» Provided records
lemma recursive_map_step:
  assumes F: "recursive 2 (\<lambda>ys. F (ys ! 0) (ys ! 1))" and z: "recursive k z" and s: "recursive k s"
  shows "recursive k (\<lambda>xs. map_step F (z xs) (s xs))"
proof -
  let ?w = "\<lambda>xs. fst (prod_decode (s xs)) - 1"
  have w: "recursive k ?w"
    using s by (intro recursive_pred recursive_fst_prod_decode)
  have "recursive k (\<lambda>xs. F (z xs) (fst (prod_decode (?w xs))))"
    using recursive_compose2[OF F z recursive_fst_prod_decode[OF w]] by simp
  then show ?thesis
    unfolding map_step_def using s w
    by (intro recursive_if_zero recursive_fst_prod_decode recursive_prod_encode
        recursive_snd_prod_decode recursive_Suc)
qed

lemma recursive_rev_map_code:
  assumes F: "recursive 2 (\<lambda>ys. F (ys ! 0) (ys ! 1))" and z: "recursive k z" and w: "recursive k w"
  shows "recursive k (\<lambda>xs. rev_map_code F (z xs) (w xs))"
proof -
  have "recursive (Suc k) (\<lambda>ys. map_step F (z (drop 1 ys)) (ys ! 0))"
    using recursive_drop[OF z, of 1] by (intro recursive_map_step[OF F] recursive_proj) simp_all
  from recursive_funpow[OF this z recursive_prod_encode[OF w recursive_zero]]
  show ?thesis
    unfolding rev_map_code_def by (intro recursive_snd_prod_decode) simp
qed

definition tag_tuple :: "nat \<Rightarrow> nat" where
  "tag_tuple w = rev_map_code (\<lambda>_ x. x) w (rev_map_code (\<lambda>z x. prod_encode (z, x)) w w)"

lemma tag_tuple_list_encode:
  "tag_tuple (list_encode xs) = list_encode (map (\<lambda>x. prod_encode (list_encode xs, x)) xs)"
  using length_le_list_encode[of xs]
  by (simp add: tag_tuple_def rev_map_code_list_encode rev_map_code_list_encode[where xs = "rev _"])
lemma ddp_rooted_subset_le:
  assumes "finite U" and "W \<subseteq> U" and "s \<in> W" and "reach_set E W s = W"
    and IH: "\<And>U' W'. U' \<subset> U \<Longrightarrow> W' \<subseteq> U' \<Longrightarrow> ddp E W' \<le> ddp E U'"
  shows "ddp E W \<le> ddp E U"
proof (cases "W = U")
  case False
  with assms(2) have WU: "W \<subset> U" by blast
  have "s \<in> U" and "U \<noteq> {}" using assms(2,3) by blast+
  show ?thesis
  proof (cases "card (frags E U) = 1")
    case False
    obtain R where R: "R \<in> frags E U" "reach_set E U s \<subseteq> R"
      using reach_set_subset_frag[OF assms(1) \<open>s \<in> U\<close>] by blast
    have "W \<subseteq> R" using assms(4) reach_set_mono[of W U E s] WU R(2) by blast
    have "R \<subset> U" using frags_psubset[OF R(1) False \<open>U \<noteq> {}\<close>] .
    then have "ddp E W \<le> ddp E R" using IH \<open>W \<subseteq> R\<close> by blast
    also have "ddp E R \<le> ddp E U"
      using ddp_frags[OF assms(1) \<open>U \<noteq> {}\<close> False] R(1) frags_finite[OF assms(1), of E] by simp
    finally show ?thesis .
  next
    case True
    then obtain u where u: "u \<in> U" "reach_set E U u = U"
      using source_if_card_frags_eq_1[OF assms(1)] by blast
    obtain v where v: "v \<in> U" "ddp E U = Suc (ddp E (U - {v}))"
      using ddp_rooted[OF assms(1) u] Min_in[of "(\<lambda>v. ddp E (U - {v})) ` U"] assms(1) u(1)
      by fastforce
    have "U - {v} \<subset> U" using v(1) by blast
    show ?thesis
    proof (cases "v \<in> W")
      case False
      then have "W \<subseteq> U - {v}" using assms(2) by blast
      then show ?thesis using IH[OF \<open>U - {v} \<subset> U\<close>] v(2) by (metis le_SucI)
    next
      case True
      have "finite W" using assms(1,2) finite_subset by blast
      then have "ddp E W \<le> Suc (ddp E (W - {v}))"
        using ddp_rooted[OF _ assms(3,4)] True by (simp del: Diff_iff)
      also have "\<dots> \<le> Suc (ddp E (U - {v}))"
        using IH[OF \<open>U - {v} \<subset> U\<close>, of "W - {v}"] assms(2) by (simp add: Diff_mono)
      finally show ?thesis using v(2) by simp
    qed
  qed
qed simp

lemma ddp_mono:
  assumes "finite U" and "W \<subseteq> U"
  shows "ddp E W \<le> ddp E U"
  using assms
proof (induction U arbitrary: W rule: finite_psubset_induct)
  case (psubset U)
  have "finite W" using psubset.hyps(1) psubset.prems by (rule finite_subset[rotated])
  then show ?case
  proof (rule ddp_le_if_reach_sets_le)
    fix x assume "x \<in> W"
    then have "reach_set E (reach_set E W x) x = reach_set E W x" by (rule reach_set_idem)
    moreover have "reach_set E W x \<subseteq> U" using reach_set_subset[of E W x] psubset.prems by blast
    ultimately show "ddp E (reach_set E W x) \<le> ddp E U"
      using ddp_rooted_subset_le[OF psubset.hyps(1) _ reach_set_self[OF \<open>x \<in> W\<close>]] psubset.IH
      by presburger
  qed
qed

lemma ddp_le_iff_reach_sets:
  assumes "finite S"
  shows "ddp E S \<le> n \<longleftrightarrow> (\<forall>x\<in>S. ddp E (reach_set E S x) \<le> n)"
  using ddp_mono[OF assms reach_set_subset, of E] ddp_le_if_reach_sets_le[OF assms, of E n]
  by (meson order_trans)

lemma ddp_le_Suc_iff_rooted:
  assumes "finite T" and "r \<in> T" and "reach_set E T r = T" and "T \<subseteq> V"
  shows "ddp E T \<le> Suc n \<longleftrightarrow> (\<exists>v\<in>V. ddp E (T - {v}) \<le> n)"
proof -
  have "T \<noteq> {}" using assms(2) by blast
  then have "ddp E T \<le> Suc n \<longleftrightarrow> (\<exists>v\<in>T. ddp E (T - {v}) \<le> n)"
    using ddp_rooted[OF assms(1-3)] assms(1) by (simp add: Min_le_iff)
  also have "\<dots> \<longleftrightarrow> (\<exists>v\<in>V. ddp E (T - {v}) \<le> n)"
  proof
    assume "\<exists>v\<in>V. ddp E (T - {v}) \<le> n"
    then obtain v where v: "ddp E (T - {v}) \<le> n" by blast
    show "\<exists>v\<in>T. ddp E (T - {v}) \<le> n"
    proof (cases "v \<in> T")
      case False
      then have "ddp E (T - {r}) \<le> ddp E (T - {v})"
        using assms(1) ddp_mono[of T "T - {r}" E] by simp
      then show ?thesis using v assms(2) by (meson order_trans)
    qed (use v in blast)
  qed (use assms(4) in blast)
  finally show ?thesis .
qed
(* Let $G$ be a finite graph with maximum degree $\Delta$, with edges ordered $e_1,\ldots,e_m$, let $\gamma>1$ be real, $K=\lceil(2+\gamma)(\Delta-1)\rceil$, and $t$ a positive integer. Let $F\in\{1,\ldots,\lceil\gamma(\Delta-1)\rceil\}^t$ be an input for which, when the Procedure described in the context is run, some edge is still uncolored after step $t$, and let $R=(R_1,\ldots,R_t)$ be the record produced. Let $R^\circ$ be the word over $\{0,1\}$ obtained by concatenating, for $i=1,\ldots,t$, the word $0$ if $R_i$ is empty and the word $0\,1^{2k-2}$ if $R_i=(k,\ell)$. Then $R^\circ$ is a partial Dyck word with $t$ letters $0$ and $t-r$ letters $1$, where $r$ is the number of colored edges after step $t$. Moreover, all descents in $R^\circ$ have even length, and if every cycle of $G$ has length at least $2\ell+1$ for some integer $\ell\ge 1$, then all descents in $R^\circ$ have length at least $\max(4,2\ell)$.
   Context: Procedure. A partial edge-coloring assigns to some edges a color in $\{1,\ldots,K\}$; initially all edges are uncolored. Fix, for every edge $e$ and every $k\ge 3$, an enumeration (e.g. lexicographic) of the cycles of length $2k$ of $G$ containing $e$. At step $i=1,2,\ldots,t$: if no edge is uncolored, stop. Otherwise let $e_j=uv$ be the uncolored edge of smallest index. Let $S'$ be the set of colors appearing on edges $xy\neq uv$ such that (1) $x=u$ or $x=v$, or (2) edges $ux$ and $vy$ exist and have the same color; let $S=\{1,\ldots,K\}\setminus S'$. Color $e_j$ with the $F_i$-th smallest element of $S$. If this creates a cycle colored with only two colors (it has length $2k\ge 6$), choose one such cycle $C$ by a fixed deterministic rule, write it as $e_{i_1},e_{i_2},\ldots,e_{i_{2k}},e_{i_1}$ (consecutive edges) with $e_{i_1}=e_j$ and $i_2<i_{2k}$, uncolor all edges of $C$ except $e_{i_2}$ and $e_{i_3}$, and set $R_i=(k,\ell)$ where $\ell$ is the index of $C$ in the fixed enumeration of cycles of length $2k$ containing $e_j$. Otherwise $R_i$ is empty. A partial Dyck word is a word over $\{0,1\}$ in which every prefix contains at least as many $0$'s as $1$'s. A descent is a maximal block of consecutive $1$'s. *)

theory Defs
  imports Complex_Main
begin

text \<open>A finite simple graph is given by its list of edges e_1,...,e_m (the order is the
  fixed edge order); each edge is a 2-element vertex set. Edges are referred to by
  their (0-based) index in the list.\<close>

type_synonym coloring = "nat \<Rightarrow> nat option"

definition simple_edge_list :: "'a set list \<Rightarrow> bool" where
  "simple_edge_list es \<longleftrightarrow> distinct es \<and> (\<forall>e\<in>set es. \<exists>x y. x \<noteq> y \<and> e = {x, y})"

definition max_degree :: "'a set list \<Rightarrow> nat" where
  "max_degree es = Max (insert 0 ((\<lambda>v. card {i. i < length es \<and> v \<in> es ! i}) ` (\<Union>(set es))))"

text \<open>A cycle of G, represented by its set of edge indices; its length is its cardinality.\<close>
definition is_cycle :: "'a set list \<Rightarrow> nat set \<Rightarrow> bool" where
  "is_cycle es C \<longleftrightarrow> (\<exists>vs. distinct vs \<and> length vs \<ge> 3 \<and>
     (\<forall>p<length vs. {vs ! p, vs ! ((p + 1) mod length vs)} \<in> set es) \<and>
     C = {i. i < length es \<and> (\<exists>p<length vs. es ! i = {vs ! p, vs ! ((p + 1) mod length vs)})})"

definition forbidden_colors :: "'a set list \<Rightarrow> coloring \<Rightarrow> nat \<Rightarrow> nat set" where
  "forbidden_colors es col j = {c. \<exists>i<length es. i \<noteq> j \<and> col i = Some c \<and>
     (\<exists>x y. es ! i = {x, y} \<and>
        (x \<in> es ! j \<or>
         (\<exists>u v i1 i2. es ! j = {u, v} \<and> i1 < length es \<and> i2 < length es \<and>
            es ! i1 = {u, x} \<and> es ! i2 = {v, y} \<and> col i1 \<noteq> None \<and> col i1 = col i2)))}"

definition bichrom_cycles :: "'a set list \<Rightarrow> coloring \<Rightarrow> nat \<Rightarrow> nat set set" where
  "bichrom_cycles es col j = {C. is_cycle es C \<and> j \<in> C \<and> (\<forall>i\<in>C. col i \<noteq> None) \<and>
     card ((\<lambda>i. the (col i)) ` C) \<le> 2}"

» Exercise instructions
Please transcribe exactly the lines above from the line that has "(simp add: Diff_mono)" up to and including the line that has "x) \<le> ddp"; no other line belongs in the answer.

» Finished exercise
        using IH[OF \<open>U - {v} \<subset> U\<close>, of "W - {v}"] assms(2) by (simp add: Diff_mono)
      finally show ?thesis using v(2) by simp
    qed
  qed
qed simp

lemma ddp_mono:
  assumes "finite U" and "W \<subseteq> U"
  shows "ddp E W \<le> ddp E U"
  using assms
proof (induction U arbitrary: W rule: finite_psubset_induct)
  case (psubset U)
  have "finite W" using psubset.hyps(1) psubset.prems by (rule finite_subset[rotated])
  then show ?case
  proof (rule ddp_le_if_reach_sets_le)
    fix x assume "x \<in> W"
    then have "reach_set E (reach_set E W x) x = reach_set E W x" by (rule reach_set_idem)
    moreover have "reach_set E W x \<subseteq> U" using reach_set_subset[of E W x] psubset.prems by blast
    ultimately show "ddp E (reach_set E W x) \<le> ddp E U"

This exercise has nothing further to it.